Fact Evaluation in Millions: Scalable Rule Executor Service

The Rule Executor Service at Myntra stands out as a pivotal tool in the domain of rule engine. While, at a glance, one might wonder what sets it apart from the myriad of rule engines available today, the difference is profound. In Myntra ecosystem, supporting numerous pricing use cases necessitated building a capability that is engineered to handle vast volumes of rules, processing millions of facts against similar scale in terms of rules for multiple tenants with high reliability, performance, availability and consistency. In order for the system to be performant and use as a broker for all Myntra systems preference was given to scalability, and ability to persist and evaluate large large number of rules with low latency evaluation window.

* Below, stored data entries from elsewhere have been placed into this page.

lemma star_subalgebra_uniform_contraction:
  fixes E :: "('x \<Rightarrow> 'a::cstar_algebra) set"
  assumes X: "compact_space X" and E: "star_subalgebra X E"
    and invertible: "\<forall>x\<in>topspace X. \<exists>f\<in>E. invertible_el (f x)"
  shows "\<exists>h\<in>E. \<forall>y\<in>topspace X. norm (1 - h y) < 1"
proof -
  have "\<forall>x\<in>topspace X. \<exists>e. e \<in> E \<and>
      (\<forall>y\<in>topspace X. norm (1 - e y) \<le> 1) \<and> norm (1 - e x) < 1"
    using star_subalgebra_local_contraction[OF X E] invertible by blast
  then obtain e where e: "\<And>x. x \<in> topspace X \<Longrightarrow> e x \<in> E"
    and e_le: "\<And>x y. x \<in> topspace X \<Longrightarrow> y \<in> topspace X \<Longrightarrow> norm (1 - e x y) \<le> 1"
    and e_less: "\<And>x. x \<in> topspace X \<Longrightarrow> norm (1 - e x x) < 1"
    by (auto dest!: bchoice)
  define U where "U x = {y \<in> topspace X. norm (1 - e x y) < 1}" for x
  have U_open: "openin X (U x)" if "x \<in> topspace X" for x
  proof -
    have "continuous_map X euclideanreal (\<lambda>y. norm (1 - e x y))"
      using star_subalgebra_continuous[OF E e[OF that]]
      by (intro continuous_map_norm continuous_map_diff) simp_all
    then show ?thesis
      unfolding U_def using openin_continuous_map_preimage[of X euclideanreal _ "{..<1}"] by simp
  qed
  have U_self: "x \<in> U x" if "x \<in> topspace X" for x
    using e_less[OF that] that unfolding U_def by blast
  obtain C where C: "finite C" "C \<subseteq> topspace X" and cover: "topspace X \<subseteq> (\<Union>x\<in>C. U x)"
    by (rule compact_space_finite_cover[OF X U_open U_self])
  define h where "h y = (1 / real (card C)) *\<^sub>R (\<Sum>x\<in>C. e x y)" for y
  have "h \<in> E"
    unfolding h_def using C e by (intro star_subalgebra_scaleR[OF E] star_subalgebra_sum[OF E]) auto
  moreover have "norm (1 - h y) < 1" if y: "y \<in> topspace X" for y
  proof -
    obtain j where j: "j \<in> C" "norm (1 - e j y) < 1"
      using cover y unfolding U_def by blast
    have "card C \<noteq> 0"
      using C j by auto
    then have "(1 / real (card C)) *\<^sub>R (\<Sum>x\<in>C. 1) = (1::'a)"
      unfolding sum_constant_scaleR by simp
    then have "1 - h y = (1 / real (card C)) *\<^sub>R (\<Sum>x\<in>C. 1 - e x y)"
      by (simp add: h_def sum_subtractf scaleR_diff_right)
    also have "norm \<dots> < 1"
      using C y j e_le by (intro norm_average_less_one) auto
    finally show ?thesis .
  qed
  ultimately show ?thesis
    by blast
qed

lemma uniform_contraction_imp_one_in_uniform_closure:
  fixes E :: "('x \<Rightarrow> 'a::cstar_algebra) set"
  assumes X: "compact_space X" and E: "star_subalgebra X E"
    and "h \<in> E" and contraction: "\<forall>y\<in>topspace X. norm (1 - h y) < 1"
  shows "(\<lambda>x. 1) \<in> uniform_closure X E"
proof (cases "topspace X = {}")
  case True
  then show ?thesis
    unfolding uniform_closure_def using star_subalgebra_zero[OF E] by auto
next
  case False
  have "continuous_map X euclideanreal (\<lambda>y. norm (1 - h y))"
    using star_subalgebra_continuous[OF E \<open>h \<in> E\<close>]
    by (intro continuous_map_norm continuous_map_diff) simp_all
  then obtain y\<^sub>0 where y\<^sub>0: "y\<^sub>0 \<in> topspace X"
    and y\<^sub>0_max: "\<And>y. y \<in> topspace X \<Longrightarrow> norm (1 - h y) \<le> norm (1 - h y\<^sub>0)"
    using compact_space_attains_sup[OF X _ False] by blast
  define \<rho> where "\<rho> = norm (1 - h y\<^sub>0)"
  have \<rho>: "0 \<le> \<rho>" "\<rho> < 1"
    unfolding \<rho>_def using contraction y\<^sub>0 by simp_all
  show ?thesis
    unfolding uniform_closure_def
  proof (intro CollectI allI impI)
    fix \<delta> :: real
    assume "0 < \<delta>"
    then obtain k where k: "\<rho> ^ k < \<delta>"
      using real_arch_pow_inv \<rho>(2) by blast
    have "norm (1 - (1 - h y) ^ k - 1) \<le> \<delta>" if "y \<in> topspace X" for y
    proof -
      have "norm (1 - (1 - h y) ^ k - 1) \<le> norm (1 - h y) ^ k"
        using norm_power_ineq[of "1 - h y" k] by simp
      also have "\<dots> \<le> \<rho> ^ k"
        unfolding \<rho>_def using y\<^sub>0_max[OF that] by (intro power_mono) simp_all
      finally show ?thesis
        using k by simp
    qed
    then show "\<exists>f\<in>E. \<forall>y\<in>topspace X. norm (f y - 1) \<le> \<delta>"
      using star_subalgebra_one_minus_power[OF E \<open>h \<in> E\<close>, of k] by (intro bexI) auto
  qed
qed

lemma one_in_uniform_closure_imp_invertible_values:
  fixes E :: "('x \<Rightarrow> 'a::{real_normed_algebra_1,banach}) set"
  assumes "(\<lambda>x. 1) \<in> uniform_closure X E"
  shows "\<forall>x\<in>topspace X. \<exists>f\<in>E. invertible_el (f x)"
proof
  fix x
  assume x: "x \<in> topspace X"
  obtain f where "f \<in> E" and "\<forall>y\<in>topspace X. norm (f y - 1) \<le> 1/2"
    using assms(1) unfolding uniform_closure_def by (auto dest: spec[of _ "1/2"])
  then have "norm (f x - 1) \<le> 1/2"
    using x by blast
  then have "norm (1 - f x) < 1"
    by (simp add: norm_minus_commute)
  then have "invertible_el (1 - (1 - f x))"
    by (rule invertible_el_one_minus)
  then show "\<exists>f\<in>E. invertible_el (f x)"
    using \<open>f \<in> E\<close> by auto
qed

theorem lemma2p5:
  fixes X :: "'x topology" and E :: "('x \<Rightarrow> 'a::cstar_algebra) set"
  assumes "compact_space X" and "Hausdorff_space X"
    and "star_subalgebra X E"
  shows "(\<lambda>x. 1) \<in> uniform_closure X E \<longleftrightarrow>
         (\<forall>x\<in>topspace X. \<exists>f\<in>E. invertible_el (f x))"
proof
  assume "(\<lambda>x. 1) \<in> uniform_closure X E"
  then show "\<forall>x\<in>topspace X. \<exists>f\<in>E. invertible_el (f x)"
    by (rule one_in_uniform_closure_imp_invertible_values)
next
  assume "\<forall>x\<in>topspace X. \<exists>f\<in>E. invertible_el (f x)"
  then obtain h where "h \<in> E" and "\<forall>y\<in>topspace X. norm (1 - h y) < 1"
    using star_subalgebra_uniform_contraction[OF assms(1,3)] by blast
  then show "(\<lambda>x. 1) \<in> uniform_closure X E"
    by (rule uniform_contraction_imp_one_in_uniform_closure[OF assms(1,3)])
qed

end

Let’s first delve into the functional and non-functional requirements that necessitate the creation of the Rule Executor Service.

Functional Requirements

Dynamic Rule Management: The rule engine should be designed with adaptability as a core principle, enabling administrators or users to effortlessly update, introduce, or dynamically remove rules through the user interface as the landscape evolves.
Immediate Rule Reflection: Following any changes to the rule set, the rule engine should ensure that all future fact evaluations reflect the latest rule standards with high degree of consistency. Once the creation, updating, or deletion of a rule has been confirmed as successful for the user, no subsequent fact evaluations should be conducted with the outdated rules from that timestamp onwards. This necessitates the updates to be immediately reflected in the knowledge base of the rule engine.
Fact Assessment Details: Each evaluated fact should be supplemented with essential details, including the associated rule’s ID, name, and description against which it was evaluated. In the absence of configured rules for the provided fact, enrich the fact by incorporating pertinent details regarding the absence of associated rules.

Non-Functional Requirements

Faster Rule Evaluation: The millions of facts should be evaluated against millions of configured rules within 30 seconds.

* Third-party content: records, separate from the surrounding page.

lemma endo_trace_add: "endo_trace (E + F) = endo_trace E + endo_trace F"
  by (simp add: endo_trace_def endo_apply_plus inner_add_left sum.distrib)

lemma endo_trace_scaleR: "endo_trace (r *\<^sub>R E) = r * endo_trace E"
  by (simp add: endo_trace_def endo_apply_scaleR sum_distrib_left)

lemma endo_trace_diff: "endo_trace (E - F) = endo_trace E - endo_trace F"
  using endo_trace_add[of "E - F" F] by simp

lemma endo_trace_one: "endo_trace (1 :: 'a::euclidean_space endo) = DIM('a)"
  by (simp add: endo_trace_def endo_apply_one)

lemma endo_apply_times_inner:
  "endo_apply (E * F) x \<bullet> c = (\<Sum>d\<in>Basis. (endo_apply F x \<bullet> d) * (endo_apply E d \<bullet> c))"
proof -
  have "endo_apply E (endo_apply F x) = (\<Sum>d\<in>Basis. (endo_apply F x \<bullet> d) *\<^sub>R endo_apply E d)"
    by (subst euclidean_representation[symmetric, of "endo_apply F x"])
      (simp add: linear_sum[OF linear_endo_apply] linear_scale[OF linear_endo_apply])
  then show ?thesis
    by (simp add: endo_apply_times inner_sum_left)
qed

lemma endo_trace_commute: "endo_trace (E * F) = endo_trace (F * E)"
  unfolding endo_trace_def endo_apply_times_inner by (subst sum.swap) (simp add: mult.commute)

lemma endo_trace_commutator: "endo_trace (E * F - F * E) = 0"
  by (simp add: endo_trace_diff endo_trace_commute)

lemma scaleR_one_add_traceless_eqD:
  assumes "x *\<^sub>R 1 + X = y *\<^sub>R 1 + (Y :: 'a::euclidean_space endo)"
    and "endo_trace X = 0" "endo_trace Y = 0"
  shows "x = y \<and> X = Y"
proof -
  have "x * DIM('a) = y * DIM('a)"
    using arg_cong[OF assms(1), of endo_trace] assms(2,3)
    by (simp add: endo_trace_add endo_trace_scaleR endo_trace_one)
  then show ?thesis
    using assms(1) by simp
qed

lemma endo_eqI_entries:
  assumes "\<And>b c. b \<in> Basis \<Longrightarrow> c \<in> Basis \<Longrightarrow> endo_apply E b \<bullet> c = endo_apply F b \<bullet> c"
  shows "E = F"
proof -
  have "endo_apply E = endo_apply F"
    by (intro linear_eq_stdbasis linear_endo_apply) (rule euclidean_eqI, rule assms)
  then show ?thesis
    by (simp add: endo_apply_inject)
qed

lemma inner_Basis_2d:
  assumes "Basis = {e1, e2}" "e1 \<noteq> e2"
  shows "e1 \<bullet> e1 = 1" "e2 \<bullet> e2 = 1" "e1 \<bullet> e2 = 0" "e2 \<bullet> e1 = 0"
proof -
  have "e1 \<in> Basis" "e2 \<in> Basis"
    using assms(1) by auto
  then show "e1 \<bullet> e1 = 1" "e2 \<bullet> e2 = 1" "e1 \<bullet> e2 = 0" "e2 \<bullet> e1 = 0"
    using assms(2) by (simp_all add: inner_Basis)
qed

lemma endo_trace_2d:
  assumes "Basis = {e1, e2}" "e1 \<noteq> e2"
  shows "endo_trace E = endo_apply E e1 \<bullet> e1 + endo_apply E e2 \<bullet> e2"
  unfolding endo_trace_def assms(1) using assms(2) by simp

lemma endo_apply_times_inner_2d:
  assumes "Basis = {e1, e2}" "e1 \<noteq> e2"
  shows "endo_apply (E * F) x \<bullet> c
    = (endo_apply F x \<bullet> e1) * (endo_apply E e1 \<bullet> c) + (endo_apply F x \<bullet> e2) * (endo_apply E e2 \<bullet> c)"
  unfolding endo_apply_times_inner assms(1) using assms(2) by simp

section \<open>Traceless endomorphisms of the plane\<close>

lemma traceless_square_2d:
  fixes X :: "'a::euclidean_space endo"
  assumes "DIM('a) = 2" "endo_trace X = 0"
  shows "X * X = (endo_trace (X * X) / 2) *\<^sub>R 1"
proof -
  obtain e1 e2 :: 'a where B: "Basis = {e1, e2}" "e1 \<noteq> e2"
    using assms(1) card_2_iff by metis
  note coords = endo_apply_times_inner_2d[OF B] endo_trace_2d[OF B] inner_Basis_2d[OF B]
  have "endo_apply X e2 \<bullet> e2 = - (endo_apply X e1 \<bullet> e1)"
    using assms(2) by (simp add: coords)
  then show ?thesis
    by (intro endo_eqI_entries)
      (auto simp: B coords endo_apply_scaleR endo_apply_one power2_eq_square algebra_simps)
qed

lemma null_orthogonal_to_negative_eq_0:
  fixes p q r x y z :: real
  assumes neg: "p\<^sup>2 + q * r < 0" and orth: "2 * p * x + q * z + r * y = 0" and null: "x\<^sup>2 + y * z = 0"
  shows "x = 0 \<and> y = 0 \<and> z = 0"
proof -
  have "(q * x - p * y)\<^sup>2 - (p\<^sup>2 + q * r) * y\<^sup>2 = q\<^sup>2 * (x\<^sup>2 + y * z) - q * y * (2 * p * x + q * z + r * y)"
    by (simp add: power2_eq_square algebra_simps)
  then have "(q * x - p * y)\<^sup>2 - (p\<^sup>2 + q * r) * y\<^sup>2 = 0"
    using orth null by simp
  moreover have "(p\<^sup>2 + q * r) * y\<^sup>2 \<le> 0"
    using neg by (simp add: mult_nonpos_nonneg)
  ultimately have "(q * x - p * y)\<^sup>2 = 0" "(p\<^sup>2 + q * r) * y\<^sup>2 = 0"
    by (smt (verit) zero_le_power2)+
  have "q \<noteq> 0"
  proof
    assume "q = 0"
    with neg show False
      by simp
  qed
  have "y = 0"
    using \<open>(p\<^sup>2 + q * r) * y\<^sup>2 = 0\<close> neg by simp
  moreover have "x = 0"
    using \<open>(q * x - p * y)\<^sup>2 = 0\<close> \<open>q \<noteq> 0\<close> \<open>y = 0\<close> by simp
  moreover have "z = 0"
    using orth \<open>q \<noteq> 0\<close> \<open>x = 0\<close> \<open>y = 0\<close> by simp
  ultimately show ?thesis
    by simp
qed

lemma anticommuting_nilpotent_eq_0_2d:
  fixes A K :: "'a::euclidean_space endo"
  assumes "DIM('a) = 2" "endo_trace A = 0" "endo_trace K = 0"
    and "A * A = a *\<^sub>R 1" "a < 0" "K * K = 0" "A * K + K * A = 0"
  shows "K = 0"
proof -
  obtain e1 e2 :: 'a where B: "Basis = {e1, e2}" "e1 \<noteq> e2"
    using assms(1) card_2_iff by metis
  note coords = endo_apply_times_inner_2d[OF B] endo_trace_2d[OF B] inner_Basis_2d[OF B]
  define p q r where "p = endo_apply A e1 \<bullet> e1" and "q = endo_apply A e2 \<bullet> e1"
    and "r = endo_apply A e1 \<bullet> e2"
  define x y z where "x = endo_apply K e1 \<bullet> e1" and "y = endo_apply K e2 \<bullet> e1"
    and "z = endo_apply K e1 \<bullet> e2"
  have trA: "endo_apply A e2 \<bullet> e2 = - p" and trK: "endo_apply K e2 \<bullet> e2 = - x"
    using assms(2,3) by (simp_all add: coords p_def x_def)
  have "p\<^sup>2 + q * r = a"
    using arg_cong[OF assms(4), of "\<lambda>E. endo_apply E e1 \<bullet> e1"]
    by (simp add: coords endo_apply_scaleR endo_apply_one p_def q_def r_def power2_eq_square mult.commute)
  moreover have "x\<^sup>2 + y * z = 0"
    using arg_cong[OF assms(6), of "\<lambda>E. endo_apply E e1 \<bullet> e1"]
    by (simp add: coords x_def y_def z_def power2_eq_square endo_apply_zero mult.commute)
  moreover have "2 * p * x + q * z + r * y = 0"
    using arg_cong[OF assms(7), of "\<lambda>E. endo_apply E e1 \<bullet> e1"]
    by (simp add: coords endo_apply_plus p_def q_def r_def x_def y_def z_def endo_apply_zero algebra_simps)
  ultimately have "x = 0 \<and> y = 0 \<and> z = 0"
    using \<open>a < 0\<close> by (intro null_orthogonal_to_negative_eq_0[of p q r]) simp_all
  then show ?thesis
    by (intro endo_eqI_entries) (auto simp: B trK x_def y_def z_def endo_apply_zero)
qed

lemma scalar_squares_traceless_2d:
  fixes A B :: "'a::euclidean_space endo"
  assumes "DIM('a) = 2" "endo_trace A = 0" "endo_trace B = 0"
  shows "scalar_squares A B (endo_trace (A * A) / 2) (endo_trace (B * B) / 2) (endo_trace (A * B) / 2)"
proof -
  define a b s where "a = endo_trace (A * A) / 2" and "b = endo_trace (B * B) / 2"
    and "s = endo_trace (A * B) / 2"
  have "endo_trace ((A + B) * (A + B)) / 2 = a + 2 * s + b"
    by (simp add: a_def b_def s_def algebra_simps endo_trace_add endo_trace_commute[of B A])
  moreover have "(A + B) * (A + B) = (endo_trace ((A + B) * (A + B)) / 2) *\<^sub>R 1"
    using assms by (intro traceless_square_2d) (simp_all add: endo_trace_add)
  ultimately have sq: "A * A = a *\<^sub>R 1" "B * B = b *\<^sub>R 1" "(A + B) * (A + B) = (a + 2 * s + b) *\<^sub>R 1"
    unfolding a_def b_def using traceless_square_2d[OF assms(1)] assms(2,3) by simp_all
  have "scalar_squares A B a b s"
  proof
    have "A * B + B * A = (A + B) * (A + B) - A * A - B * B"
      by (simp add: algebra_simps)
    then show "A * B + B * A = (2 * s) *\<^sub>R 1"
      by (simp add: sq scaleR_add_left scaleR_diff_left)
  qed (fact sq)+
  then show ?thesis
    by (simp only: a_def b_def s_def)
qed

Let’s look into the rule engines that has been considered to meet our requirements.

Drools

Drools is indeed a very powerful rule engine that supports forward and backward chaining and uses an enhanced implementation of the Rete algorithm for rule evaluation. However, we encountered the following challenges with Drools:

Memory Consumption and Rule Storage: Drools maintains its rules in-memory. While this can provide fast rule processing, it poses a significant challenge when dealing with a large volume of rules. To illustrate, our preliminary testing with Drools demonstrated that storing ~300K rules consumed 60 GB of RAM. This demonstrated limitations of drools in supporting millions of rules.
Dynamic Rule Updation Challenges: Adapting to changing business requirements means updating or deleting existing rules with a high degree of consistency. In the Drools framework, such modifications necessitate a complete rebuild of our knowledge base across horizontally scalable machines, which would be time-intensive and would lead to scaling limitations.
Horizontal Scaling and Sharding: One might consider circumventing the aforementioned memory constraints by horizontally scaling and sharding the rules across multiple servers. However, this introduces two pressing issues:
a) Cost Inefficiency: With the memory demands observed during our tests, sharding would mean deploying numerous servers, leading to escalating operational costs.
b) Consistency Maintenance: Distributing rules across servers necessitates ensuring data consistency. This becomes complex when considering that a single rule might be replicated on at least two servers for availability. Managing such availability and ensuring synchronization between the replicas can be challenging.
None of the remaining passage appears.